● **Dataset entries**:
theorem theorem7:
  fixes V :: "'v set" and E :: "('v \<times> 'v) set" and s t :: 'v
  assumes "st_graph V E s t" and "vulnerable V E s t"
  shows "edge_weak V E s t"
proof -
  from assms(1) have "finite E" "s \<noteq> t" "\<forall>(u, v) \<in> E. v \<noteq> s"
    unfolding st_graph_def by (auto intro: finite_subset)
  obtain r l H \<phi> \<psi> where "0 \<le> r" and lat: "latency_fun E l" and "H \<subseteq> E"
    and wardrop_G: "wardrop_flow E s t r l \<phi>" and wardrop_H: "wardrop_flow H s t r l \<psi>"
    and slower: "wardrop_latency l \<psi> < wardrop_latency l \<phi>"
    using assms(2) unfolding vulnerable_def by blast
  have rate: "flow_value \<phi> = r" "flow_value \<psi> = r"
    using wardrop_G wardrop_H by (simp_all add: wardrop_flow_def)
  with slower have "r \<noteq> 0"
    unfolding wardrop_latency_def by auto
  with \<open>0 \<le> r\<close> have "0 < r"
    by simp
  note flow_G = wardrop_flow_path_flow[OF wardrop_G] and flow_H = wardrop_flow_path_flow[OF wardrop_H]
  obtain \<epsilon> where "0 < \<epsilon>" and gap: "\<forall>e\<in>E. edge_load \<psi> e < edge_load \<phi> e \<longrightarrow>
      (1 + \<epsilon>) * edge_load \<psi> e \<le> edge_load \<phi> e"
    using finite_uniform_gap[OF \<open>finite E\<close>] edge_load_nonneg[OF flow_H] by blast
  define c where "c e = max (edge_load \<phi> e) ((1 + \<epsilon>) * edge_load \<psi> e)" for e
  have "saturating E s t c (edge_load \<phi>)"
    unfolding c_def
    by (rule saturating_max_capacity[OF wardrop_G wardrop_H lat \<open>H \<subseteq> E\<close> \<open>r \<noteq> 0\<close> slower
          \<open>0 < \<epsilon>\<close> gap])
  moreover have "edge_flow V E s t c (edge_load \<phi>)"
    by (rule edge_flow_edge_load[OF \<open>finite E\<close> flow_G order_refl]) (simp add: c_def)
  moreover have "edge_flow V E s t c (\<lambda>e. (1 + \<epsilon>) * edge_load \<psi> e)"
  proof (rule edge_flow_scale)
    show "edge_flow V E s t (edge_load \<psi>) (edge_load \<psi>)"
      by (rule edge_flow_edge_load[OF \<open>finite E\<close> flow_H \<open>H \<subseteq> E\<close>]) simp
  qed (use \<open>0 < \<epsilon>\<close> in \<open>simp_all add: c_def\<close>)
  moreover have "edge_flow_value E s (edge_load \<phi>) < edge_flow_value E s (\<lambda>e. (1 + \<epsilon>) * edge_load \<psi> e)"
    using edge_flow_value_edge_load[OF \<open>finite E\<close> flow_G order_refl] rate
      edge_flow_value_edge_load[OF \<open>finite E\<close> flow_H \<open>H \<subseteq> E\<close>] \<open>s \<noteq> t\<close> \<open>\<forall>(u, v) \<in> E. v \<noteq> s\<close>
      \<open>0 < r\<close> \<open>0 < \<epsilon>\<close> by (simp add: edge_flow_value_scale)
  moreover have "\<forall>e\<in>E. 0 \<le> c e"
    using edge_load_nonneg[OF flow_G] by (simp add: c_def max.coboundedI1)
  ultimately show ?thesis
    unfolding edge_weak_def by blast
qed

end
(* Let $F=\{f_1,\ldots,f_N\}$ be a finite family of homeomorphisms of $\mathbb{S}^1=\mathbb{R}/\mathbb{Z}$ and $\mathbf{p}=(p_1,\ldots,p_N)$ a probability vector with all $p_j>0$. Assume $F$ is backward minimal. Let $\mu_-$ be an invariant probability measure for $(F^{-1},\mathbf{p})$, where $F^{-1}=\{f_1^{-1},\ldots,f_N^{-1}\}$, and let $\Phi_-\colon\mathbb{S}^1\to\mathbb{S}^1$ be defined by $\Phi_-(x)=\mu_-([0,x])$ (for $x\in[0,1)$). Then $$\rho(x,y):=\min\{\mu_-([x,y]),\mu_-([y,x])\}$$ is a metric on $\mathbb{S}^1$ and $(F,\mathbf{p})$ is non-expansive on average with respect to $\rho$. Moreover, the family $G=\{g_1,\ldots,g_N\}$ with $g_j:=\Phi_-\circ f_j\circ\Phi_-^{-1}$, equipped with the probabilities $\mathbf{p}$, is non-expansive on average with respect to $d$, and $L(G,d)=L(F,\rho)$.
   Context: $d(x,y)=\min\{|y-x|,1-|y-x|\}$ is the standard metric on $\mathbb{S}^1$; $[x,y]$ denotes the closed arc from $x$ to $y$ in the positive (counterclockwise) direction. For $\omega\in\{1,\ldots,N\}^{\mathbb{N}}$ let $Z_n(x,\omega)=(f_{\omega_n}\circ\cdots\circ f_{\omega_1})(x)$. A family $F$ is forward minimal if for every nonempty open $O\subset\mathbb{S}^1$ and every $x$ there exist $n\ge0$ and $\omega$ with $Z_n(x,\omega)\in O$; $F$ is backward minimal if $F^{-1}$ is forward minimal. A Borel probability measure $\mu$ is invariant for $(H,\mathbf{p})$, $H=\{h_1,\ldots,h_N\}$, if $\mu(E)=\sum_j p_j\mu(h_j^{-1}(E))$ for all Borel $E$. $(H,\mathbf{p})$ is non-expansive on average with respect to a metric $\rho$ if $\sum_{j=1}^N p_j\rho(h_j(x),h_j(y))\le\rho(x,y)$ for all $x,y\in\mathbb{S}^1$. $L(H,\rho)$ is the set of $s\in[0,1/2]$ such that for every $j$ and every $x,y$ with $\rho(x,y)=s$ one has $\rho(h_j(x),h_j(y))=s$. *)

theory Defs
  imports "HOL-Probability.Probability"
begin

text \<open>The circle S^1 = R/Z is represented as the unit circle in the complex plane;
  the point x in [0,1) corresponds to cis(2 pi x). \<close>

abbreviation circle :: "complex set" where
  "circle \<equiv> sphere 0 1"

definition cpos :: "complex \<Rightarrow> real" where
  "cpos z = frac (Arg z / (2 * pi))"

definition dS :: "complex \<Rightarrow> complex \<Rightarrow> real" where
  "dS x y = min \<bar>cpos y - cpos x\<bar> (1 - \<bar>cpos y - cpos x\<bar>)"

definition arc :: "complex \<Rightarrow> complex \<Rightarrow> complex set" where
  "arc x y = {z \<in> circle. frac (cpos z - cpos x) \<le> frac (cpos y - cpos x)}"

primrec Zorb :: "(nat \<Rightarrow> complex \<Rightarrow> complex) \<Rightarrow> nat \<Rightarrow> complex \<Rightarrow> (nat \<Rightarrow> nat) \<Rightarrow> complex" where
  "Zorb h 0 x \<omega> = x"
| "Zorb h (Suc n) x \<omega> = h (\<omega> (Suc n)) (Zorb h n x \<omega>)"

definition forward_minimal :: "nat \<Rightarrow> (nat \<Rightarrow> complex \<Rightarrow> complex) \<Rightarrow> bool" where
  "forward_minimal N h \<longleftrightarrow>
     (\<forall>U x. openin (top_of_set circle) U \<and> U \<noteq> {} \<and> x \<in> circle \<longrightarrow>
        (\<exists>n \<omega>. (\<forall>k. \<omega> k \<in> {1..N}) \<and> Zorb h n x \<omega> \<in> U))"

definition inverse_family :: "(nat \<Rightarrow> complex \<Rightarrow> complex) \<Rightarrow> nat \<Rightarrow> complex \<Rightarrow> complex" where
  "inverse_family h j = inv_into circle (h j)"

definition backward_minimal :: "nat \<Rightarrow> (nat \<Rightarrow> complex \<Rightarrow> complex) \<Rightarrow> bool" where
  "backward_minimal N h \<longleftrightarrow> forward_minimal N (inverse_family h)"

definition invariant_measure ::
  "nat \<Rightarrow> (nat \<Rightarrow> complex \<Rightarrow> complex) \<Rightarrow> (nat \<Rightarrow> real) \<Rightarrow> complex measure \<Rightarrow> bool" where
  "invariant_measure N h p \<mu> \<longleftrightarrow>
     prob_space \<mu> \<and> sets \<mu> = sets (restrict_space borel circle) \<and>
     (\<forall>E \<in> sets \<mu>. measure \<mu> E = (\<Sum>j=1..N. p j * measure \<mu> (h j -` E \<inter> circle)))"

● **What this task involves**:
All lines in the data above from the one with "using edge_flow_value_edge_load[OF \<open>finite" through the one with "to $d$, and $L(G,d)=L(F,\rho)$." must be repeated exactly, and no others.

● **Reply**:
    using edge_flow_value_edge_load[OF \<open>finite E\<close> flow_G order_refl] rate
      edge_flow_value_edge_load[OF \<open>finite E\<close> flow_H \<open>H \<subseteq> E\<close>] \<open>s \<noteq> t\<close> \<open>\<forall>(u, v) \<in> E. v \<noteq> s\<close>
      \<open>0 < r\<close> \<open>0 < \<epsilon>\<close> by (simp add: edge_flow_value_scale)
  moreover have "\<forall>e\<in>E. 0 \<le> c e"
    using edge_load_nonneg[OF flow_G] by (simp add: c_def max.coboundedI1)
  ultimately show ?thesis
    unfolding edge_weak_def by blast
qed

end
(* Let $F=\{f_1,\ldots,f_N\}$ be a finite family of homeomorphisms of $\mathbb{S}^1=\mathbb{R}/\mathbb{Z}$ and $\mathbf{p}=(p_1,\ldots,p_N)$ a probability vector with all $p_j>0$. Assume $F$ is backward minimal. Let $\mu_-$ be an invariant probability measure for $(F^{-1},\mathbf{p})$, where $F^{-1}=\{f_1^{-1},\ldots,f_N^{-1}\}$, and let $\Phi_-\colon\mathbb{S}^1\to\mathbb{S}^1$ be defined by $\Phi_-(x)=\mu_-([0,x])$ (for $x\in[0,1)$). Then $$\rho(x,y):=\min\{\mu_-([x,y]),\mu_-([y,x])\}$$ is a metric on $\mathbb{S}^1$ and $(F,\mathbf{p})$ is non-expansive on average with respect to $\rho$. Moreover, the family $G=\{g_1,\ldots,g_N\}$ with $g_j:=\Phi_-\circ f_j\circ\Phi_-^{-1}$, equipped with the probabilities $\mathbf{p}$, is non-expansive on average with respect to $d$, and $L(G,d)=L(F,\rho)$.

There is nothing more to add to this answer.